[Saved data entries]

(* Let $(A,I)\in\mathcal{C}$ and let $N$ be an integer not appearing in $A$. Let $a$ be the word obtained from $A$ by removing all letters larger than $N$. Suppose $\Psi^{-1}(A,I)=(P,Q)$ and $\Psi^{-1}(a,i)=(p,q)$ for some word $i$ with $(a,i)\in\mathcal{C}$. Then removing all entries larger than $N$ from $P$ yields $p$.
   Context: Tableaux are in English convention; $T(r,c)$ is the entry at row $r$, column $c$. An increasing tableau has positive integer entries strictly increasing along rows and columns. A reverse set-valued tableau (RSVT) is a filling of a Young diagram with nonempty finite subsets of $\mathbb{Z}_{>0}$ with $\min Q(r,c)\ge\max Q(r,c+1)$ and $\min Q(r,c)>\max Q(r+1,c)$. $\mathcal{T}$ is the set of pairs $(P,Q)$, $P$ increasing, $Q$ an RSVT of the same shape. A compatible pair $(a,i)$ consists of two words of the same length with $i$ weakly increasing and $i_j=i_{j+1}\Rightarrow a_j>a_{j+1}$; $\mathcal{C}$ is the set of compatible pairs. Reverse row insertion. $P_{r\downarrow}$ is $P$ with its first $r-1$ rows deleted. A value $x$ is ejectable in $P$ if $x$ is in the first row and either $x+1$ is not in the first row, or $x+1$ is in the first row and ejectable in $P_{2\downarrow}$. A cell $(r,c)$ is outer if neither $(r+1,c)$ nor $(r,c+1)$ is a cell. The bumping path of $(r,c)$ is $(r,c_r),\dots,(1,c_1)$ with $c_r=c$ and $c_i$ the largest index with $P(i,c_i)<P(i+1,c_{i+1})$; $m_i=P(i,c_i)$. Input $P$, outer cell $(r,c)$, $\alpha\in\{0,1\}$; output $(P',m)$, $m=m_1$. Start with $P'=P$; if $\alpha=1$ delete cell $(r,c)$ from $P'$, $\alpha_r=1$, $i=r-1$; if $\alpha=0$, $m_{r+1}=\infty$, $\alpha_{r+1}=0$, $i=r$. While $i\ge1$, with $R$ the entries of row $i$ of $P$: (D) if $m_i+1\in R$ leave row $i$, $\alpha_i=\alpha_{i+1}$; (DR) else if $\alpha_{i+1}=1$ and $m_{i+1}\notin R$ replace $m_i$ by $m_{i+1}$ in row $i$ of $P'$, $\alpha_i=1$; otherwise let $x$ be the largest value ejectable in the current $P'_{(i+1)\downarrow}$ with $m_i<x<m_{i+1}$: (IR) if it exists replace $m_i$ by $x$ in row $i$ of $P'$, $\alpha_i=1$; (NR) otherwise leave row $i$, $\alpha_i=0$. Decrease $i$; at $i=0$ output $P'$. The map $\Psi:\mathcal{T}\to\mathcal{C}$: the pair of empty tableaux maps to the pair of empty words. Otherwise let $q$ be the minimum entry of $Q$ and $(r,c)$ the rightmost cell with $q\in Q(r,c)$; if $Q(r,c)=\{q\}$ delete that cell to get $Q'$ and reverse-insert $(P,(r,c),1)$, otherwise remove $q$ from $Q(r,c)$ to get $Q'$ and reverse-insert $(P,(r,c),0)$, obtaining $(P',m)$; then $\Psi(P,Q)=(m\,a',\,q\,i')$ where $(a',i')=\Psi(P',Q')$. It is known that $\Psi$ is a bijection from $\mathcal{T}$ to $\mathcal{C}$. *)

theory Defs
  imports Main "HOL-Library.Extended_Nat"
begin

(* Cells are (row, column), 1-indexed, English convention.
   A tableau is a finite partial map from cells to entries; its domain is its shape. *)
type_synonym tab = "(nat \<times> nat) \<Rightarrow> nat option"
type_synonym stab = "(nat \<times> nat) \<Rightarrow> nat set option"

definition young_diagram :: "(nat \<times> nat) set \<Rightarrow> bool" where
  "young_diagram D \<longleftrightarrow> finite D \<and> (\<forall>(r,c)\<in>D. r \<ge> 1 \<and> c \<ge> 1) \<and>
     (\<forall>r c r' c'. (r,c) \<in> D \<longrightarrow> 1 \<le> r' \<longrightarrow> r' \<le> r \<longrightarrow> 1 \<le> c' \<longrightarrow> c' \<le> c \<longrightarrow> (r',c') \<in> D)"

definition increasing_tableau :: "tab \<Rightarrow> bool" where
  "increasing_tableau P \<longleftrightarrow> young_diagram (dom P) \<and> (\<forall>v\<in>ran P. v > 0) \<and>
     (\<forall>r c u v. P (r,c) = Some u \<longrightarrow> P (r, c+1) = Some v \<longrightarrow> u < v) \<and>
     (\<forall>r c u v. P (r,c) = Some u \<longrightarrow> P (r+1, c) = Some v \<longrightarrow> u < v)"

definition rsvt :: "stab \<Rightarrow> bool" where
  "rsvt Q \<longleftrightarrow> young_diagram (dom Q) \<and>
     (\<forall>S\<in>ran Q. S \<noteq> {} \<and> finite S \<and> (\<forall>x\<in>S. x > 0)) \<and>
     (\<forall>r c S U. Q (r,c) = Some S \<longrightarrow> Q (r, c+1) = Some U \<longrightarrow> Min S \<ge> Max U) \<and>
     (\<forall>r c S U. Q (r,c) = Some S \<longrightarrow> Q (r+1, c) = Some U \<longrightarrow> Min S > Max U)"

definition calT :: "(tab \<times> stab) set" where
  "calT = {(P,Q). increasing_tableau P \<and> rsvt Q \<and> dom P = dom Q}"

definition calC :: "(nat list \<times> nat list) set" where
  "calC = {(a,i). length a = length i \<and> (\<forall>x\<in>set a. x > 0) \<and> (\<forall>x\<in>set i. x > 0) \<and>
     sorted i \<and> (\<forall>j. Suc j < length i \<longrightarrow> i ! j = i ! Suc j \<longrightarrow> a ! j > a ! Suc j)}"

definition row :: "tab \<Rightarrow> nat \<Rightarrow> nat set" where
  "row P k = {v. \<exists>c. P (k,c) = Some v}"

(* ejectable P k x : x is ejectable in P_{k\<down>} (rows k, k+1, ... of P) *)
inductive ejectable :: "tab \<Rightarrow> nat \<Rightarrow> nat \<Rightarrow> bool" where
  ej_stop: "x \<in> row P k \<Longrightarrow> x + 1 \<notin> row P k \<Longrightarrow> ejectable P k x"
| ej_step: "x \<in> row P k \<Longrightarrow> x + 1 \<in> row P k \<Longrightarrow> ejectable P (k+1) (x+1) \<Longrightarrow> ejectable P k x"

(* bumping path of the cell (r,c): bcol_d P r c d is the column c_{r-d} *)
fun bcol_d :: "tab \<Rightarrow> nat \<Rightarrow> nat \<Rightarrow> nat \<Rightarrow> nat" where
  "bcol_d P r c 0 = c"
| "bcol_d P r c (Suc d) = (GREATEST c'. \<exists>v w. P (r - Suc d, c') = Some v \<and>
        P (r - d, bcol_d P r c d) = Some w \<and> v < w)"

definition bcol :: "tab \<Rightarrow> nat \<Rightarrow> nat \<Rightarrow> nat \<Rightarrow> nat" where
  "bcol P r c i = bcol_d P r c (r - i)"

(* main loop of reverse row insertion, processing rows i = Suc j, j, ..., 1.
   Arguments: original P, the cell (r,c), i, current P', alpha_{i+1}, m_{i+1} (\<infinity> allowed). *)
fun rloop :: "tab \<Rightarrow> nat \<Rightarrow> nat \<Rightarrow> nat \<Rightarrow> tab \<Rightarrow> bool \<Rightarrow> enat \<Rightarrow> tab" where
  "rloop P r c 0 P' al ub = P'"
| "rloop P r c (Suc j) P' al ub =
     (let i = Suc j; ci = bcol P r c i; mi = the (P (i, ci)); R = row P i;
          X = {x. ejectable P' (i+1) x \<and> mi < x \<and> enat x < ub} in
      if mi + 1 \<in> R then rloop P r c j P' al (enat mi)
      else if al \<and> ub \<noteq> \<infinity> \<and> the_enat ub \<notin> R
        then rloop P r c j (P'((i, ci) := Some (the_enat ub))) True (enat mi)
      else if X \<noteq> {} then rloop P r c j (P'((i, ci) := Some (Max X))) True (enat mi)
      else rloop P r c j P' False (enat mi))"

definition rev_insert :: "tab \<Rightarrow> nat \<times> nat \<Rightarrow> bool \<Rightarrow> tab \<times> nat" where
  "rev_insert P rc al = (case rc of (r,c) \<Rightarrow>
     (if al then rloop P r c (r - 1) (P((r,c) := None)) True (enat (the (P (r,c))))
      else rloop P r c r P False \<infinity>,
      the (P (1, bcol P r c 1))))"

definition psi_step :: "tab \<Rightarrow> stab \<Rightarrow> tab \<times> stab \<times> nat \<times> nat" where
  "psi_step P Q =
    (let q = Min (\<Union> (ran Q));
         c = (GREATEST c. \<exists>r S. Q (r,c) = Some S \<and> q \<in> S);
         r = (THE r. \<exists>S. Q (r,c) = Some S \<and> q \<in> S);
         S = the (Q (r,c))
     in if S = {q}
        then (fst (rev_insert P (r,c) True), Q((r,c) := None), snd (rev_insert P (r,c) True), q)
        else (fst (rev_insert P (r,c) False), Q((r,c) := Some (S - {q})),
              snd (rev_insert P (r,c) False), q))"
...
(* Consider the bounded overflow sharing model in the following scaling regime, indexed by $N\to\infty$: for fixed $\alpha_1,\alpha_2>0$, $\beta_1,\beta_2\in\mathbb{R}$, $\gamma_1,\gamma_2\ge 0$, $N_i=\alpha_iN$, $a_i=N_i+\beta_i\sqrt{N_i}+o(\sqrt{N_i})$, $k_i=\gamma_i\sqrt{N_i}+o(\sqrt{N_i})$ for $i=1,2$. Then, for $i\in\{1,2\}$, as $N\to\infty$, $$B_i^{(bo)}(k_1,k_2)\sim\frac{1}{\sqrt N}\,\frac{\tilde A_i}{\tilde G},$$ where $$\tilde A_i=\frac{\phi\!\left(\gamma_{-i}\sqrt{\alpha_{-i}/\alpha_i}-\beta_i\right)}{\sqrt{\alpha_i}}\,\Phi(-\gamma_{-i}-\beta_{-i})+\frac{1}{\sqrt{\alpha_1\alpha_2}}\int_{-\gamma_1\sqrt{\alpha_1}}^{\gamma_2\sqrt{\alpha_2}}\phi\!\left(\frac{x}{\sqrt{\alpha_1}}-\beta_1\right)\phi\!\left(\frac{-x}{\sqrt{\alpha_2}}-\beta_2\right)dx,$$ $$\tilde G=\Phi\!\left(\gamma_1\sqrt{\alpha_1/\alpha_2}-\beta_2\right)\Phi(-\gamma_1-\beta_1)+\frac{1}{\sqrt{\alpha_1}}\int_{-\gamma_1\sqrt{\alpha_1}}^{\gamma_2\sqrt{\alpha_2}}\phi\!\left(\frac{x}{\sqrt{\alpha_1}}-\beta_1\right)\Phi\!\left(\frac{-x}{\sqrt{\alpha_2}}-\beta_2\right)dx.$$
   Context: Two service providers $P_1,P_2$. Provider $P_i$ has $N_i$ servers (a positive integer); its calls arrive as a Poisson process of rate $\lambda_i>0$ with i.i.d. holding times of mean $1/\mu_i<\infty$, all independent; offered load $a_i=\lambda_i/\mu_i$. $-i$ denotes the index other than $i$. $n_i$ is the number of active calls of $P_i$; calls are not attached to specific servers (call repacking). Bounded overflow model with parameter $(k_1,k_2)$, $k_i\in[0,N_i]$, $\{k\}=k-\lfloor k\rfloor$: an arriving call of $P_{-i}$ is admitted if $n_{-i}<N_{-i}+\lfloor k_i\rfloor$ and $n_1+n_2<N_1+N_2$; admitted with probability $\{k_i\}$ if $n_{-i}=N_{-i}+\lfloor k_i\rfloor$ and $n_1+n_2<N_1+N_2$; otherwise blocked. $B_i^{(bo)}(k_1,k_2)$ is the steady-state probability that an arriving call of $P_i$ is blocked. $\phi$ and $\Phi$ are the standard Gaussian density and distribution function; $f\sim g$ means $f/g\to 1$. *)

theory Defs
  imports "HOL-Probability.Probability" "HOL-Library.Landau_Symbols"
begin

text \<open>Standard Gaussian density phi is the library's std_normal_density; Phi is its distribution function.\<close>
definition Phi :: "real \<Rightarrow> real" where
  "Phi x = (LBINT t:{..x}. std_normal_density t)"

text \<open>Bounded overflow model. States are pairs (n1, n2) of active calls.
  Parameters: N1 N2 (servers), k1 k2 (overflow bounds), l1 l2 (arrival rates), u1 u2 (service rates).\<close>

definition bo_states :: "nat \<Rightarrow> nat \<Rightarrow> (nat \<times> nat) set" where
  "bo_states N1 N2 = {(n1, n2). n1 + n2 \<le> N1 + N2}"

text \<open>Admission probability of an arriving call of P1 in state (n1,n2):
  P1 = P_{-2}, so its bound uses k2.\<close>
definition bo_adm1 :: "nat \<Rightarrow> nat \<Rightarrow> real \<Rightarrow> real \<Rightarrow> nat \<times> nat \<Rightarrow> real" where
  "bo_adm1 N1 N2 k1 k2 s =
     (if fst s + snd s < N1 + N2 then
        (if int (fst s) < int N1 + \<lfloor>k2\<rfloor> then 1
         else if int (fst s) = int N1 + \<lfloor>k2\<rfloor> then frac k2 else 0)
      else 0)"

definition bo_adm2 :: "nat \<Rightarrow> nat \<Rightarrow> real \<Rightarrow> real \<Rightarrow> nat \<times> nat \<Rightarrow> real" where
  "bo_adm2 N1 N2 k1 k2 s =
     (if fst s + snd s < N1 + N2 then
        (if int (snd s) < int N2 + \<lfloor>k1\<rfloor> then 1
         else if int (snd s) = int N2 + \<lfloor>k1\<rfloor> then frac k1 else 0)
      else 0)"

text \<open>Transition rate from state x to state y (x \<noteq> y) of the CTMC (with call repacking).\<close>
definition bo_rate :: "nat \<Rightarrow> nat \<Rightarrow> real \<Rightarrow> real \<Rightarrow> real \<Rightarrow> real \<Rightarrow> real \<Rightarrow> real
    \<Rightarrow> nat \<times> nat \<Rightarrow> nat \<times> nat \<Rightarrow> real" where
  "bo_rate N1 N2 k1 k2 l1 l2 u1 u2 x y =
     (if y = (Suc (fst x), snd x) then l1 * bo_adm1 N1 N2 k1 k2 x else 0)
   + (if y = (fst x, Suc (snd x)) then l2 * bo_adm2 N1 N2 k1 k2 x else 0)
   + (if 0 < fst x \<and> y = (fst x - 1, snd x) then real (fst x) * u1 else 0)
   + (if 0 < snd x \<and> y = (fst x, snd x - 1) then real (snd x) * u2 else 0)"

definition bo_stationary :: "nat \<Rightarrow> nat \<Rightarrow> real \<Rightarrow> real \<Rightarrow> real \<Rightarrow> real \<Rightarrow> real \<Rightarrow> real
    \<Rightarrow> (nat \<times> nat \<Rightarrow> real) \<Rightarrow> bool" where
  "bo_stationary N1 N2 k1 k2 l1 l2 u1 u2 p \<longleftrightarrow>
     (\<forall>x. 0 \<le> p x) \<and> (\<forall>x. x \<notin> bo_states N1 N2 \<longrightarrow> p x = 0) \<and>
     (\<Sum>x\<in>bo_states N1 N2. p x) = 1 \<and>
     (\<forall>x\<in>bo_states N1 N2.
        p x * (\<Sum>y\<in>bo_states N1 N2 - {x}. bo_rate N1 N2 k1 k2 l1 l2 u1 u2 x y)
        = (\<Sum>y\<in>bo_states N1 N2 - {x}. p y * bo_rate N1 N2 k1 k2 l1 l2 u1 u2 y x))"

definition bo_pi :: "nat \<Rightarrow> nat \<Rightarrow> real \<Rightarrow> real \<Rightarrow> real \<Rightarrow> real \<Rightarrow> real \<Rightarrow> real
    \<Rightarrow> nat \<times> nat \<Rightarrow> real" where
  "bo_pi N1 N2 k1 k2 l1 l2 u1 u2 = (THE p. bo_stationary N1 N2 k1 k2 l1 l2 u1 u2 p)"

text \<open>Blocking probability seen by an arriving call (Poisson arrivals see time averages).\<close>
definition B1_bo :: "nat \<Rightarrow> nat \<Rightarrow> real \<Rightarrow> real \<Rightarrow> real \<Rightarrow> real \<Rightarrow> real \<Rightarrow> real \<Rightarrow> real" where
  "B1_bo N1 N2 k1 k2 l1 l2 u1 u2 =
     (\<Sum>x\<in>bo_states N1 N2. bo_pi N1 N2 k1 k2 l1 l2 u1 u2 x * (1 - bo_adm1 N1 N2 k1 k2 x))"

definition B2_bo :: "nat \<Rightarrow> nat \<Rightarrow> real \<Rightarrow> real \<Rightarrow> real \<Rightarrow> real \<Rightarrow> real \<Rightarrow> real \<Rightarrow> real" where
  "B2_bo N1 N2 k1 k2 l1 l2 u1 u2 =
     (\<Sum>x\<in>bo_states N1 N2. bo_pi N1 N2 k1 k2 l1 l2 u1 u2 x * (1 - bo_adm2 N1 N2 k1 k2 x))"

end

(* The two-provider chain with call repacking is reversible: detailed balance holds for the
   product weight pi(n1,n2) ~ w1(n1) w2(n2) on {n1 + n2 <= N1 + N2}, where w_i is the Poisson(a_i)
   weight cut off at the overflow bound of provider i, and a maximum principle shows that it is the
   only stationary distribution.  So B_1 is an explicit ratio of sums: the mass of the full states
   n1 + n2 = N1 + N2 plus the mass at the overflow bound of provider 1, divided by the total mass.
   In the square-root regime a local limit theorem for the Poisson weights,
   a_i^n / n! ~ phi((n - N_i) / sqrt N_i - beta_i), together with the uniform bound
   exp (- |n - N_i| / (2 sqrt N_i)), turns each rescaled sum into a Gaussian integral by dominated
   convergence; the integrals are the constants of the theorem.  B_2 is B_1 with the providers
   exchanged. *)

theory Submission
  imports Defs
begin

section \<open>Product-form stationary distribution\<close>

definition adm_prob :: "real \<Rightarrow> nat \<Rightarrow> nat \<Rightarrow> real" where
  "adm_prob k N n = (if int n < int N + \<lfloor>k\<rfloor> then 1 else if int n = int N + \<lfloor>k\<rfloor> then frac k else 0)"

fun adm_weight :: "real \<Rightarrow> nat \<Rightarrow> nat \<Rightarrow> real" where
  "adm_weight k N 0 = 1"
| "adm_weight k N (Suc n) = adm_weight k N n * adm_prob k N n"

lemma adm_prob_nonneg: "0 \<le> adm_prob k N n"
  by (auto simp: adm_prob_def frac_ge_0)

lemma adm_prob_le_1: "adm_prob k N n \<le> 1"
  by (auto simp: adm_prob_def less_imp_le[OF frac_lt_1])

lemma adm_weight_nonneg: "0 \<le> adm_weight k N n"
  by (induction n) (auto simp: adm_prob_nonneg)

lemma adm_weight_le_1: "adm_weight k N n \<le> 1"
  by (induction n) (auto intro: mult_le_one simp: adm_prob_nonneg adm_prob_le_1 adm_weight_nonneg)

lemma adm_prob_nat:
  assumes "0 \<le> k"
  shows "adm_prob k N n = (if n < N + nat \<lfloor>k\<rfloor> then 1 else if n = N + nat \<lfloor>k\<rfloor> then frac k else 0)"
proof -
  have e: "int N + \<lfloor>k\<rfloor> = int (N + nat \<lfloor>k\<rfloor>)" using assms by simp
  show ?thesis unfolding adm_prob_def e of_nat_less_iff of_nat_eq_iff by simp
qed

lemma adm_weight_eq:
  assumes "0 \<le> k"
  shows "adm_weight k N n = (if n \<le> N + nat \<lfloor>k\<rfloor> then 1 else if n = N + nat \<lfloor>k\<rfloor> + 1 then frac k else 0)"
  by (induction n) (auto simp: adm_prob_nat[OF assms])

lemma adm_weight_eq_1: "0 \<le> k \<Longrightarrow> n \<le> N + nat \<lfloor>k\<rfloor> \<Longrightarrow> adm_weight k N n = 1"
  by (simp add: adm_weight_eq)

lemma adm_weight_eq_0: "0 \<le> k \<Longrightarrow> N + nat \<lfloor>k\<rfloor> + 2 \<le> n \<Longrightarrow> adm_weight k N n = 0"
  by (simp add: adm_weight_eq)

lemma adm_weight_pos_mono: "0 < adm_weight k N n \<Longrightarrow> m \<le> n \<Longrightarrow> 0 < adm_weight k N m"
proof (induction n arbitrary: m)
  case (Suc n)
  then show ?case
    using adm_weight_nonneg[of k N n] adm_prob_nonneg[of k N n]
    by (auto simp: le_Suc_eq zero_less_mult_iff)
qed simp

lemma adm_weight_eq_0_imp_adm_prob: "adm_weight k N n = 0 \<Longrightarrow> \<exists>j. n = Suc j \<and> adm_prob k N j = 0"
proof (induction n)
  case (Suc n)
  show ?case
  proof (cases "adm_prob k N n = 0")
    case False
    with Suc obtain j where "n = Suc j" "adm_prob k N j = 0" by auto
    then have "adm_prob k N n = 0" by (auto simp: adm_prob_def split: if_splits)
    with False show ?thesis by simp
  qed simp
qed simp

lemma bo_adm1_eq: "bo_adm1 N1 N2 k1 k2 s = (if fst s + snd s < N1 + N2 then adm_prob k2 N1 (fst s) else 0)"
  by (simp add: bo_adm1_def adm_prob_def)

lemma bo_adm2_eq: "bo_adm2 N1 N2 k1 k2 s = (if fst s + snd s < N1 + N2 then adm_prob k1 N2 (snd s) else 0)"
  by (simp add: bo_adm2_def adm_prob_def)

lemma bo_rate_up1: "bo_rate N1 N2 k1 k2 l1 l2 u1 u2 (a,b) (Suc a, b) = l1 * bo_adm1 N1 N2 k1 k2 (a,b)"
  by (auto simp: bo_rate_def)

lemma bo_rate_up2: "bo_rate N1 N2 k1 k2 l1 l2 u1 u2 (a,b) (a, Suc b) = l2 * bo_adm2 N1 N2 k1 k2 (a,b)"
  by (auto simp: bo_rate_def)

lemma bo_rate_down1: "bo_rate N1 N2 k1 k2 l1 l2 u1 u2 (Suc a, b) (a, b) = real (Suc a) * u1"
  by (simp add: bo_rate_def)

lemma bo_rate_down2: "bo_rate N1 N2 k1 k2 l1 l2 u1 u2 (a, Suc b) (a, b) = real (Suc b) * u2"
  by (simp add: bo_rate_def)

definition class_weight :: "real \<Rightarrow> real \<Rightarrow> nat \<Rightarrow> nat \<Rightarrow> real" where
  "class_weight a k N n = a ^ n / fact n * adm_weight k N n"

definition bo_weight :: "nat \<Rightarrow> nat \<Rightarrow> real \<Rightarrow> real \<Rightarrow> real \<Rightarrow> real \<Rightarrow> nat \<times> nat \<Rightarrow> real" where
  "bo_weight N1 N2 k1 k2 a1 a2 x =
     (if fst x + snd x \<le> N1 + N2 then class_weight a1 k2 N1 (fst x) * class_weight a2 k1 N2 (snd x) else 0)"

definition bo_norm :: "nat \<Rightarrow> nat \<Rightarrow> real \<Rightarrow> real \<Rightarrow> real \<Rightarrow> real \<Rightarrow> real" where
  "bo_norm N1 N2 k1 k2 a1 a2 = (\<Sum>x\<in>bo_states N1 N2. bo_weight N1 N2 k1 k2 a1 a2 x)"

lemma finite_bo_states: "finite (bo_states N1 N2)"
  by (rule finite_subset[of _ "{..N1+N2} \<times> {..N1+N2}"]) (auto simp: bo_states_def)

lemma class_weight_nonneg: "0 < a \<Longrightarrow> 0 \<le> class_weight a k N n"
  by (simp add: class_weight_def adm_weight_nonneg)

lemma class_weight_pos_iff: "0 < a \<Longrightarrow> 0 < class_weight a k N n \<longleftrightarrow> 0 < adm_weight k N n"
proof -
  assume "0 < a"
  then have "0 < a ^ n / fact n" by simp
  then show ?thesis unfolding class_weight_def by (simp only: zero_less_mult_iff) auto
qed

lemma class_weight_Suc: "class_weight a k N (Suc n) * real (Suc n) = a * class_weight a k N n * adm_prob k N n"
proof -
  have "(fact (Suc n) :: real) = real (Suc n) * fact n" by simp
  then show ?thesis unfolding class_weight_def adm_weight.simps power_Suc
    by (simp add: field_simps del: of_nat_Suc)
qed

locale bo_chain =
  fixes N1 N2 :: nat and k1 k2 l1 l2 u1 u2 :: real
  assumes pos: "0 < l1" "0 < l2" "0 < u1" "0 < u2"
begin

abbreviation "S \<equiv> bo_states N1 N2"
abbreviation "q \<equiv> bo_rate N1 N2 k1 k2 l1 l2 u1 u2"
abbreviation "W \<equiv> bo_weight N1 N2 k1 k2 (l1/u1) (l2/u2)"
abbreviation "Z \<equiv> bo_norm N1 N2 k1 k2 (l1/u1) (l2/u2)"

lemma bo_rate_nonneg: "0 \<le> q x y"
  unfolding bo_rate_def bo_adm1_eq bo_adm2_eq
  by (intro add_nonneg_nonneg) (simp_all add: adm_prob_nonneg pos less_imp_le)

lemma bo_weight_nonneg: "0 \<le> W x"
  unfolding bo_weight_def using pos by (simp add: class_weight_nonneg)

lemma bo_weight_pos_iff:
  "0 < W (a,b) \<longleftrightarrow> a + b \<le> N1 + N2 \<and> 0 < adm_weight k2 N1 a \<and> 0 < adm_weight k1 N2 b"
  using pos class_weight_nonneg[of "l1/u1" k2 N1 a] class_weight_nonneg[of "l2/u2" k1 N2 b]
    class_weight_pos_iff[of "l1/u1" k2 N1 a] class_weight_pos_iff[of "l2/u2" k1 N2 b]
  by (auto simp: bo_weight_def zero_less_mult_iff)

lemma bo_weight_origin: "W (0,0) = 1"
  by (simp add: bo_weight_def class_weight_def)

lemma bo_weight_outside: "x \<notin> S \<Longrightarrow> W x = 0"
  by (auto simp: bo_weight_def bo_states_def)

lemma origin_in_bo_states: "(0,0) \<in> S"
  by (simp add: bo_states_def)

- **How to complete this task**
Send back an exact copy of only the lines from the line with "< a ^ n / fact" up to and including the line with "bo_norm N1 N2 k1 k2 (l1/u1)" in the data above.

- **Problem solution**
  then have "0 < a ^ n / fact n" by simp
  then show ?thesis unfolding class_weight_def by (simp only: zero_less_mult_iff) auto
qed

lemma class_weight_Suc: "class_weight a k N (Suc n) * real (Suc n) = a * class_weight a k N n * adm_prob k N n"
proof -
  have "(fact (Suc n) :: real) = real (Suc n) * fact n" by simp
  then show ?thesis unfolding class_weight_def adm_weight.simps power_Suc
    by (simp add: field_simps del: of_nat_Suc)
qed

locale bo_chain =
  fixes N1 N2 :: nat and k1 k2 l1 l2 u1 u2 :: real
  assumes pos: "0 < l1" "0 < l2" "0 < u1" "0 < u2"
begin

abbreviation "S \<equiv> bo_states N1 N2"
abbreviation "q \<equiv> bo_rate N1 N2 k1 k2 l1 l2 u1 u2"
abbreviation "W \<equiv> bo_weight N1 N2 k1 k2 (l1/u1) (l2/u2)"
abbreviation "Z \<equiv> bo_norm N1 N2 k1 k2 (l1/u1) (l2/u2)"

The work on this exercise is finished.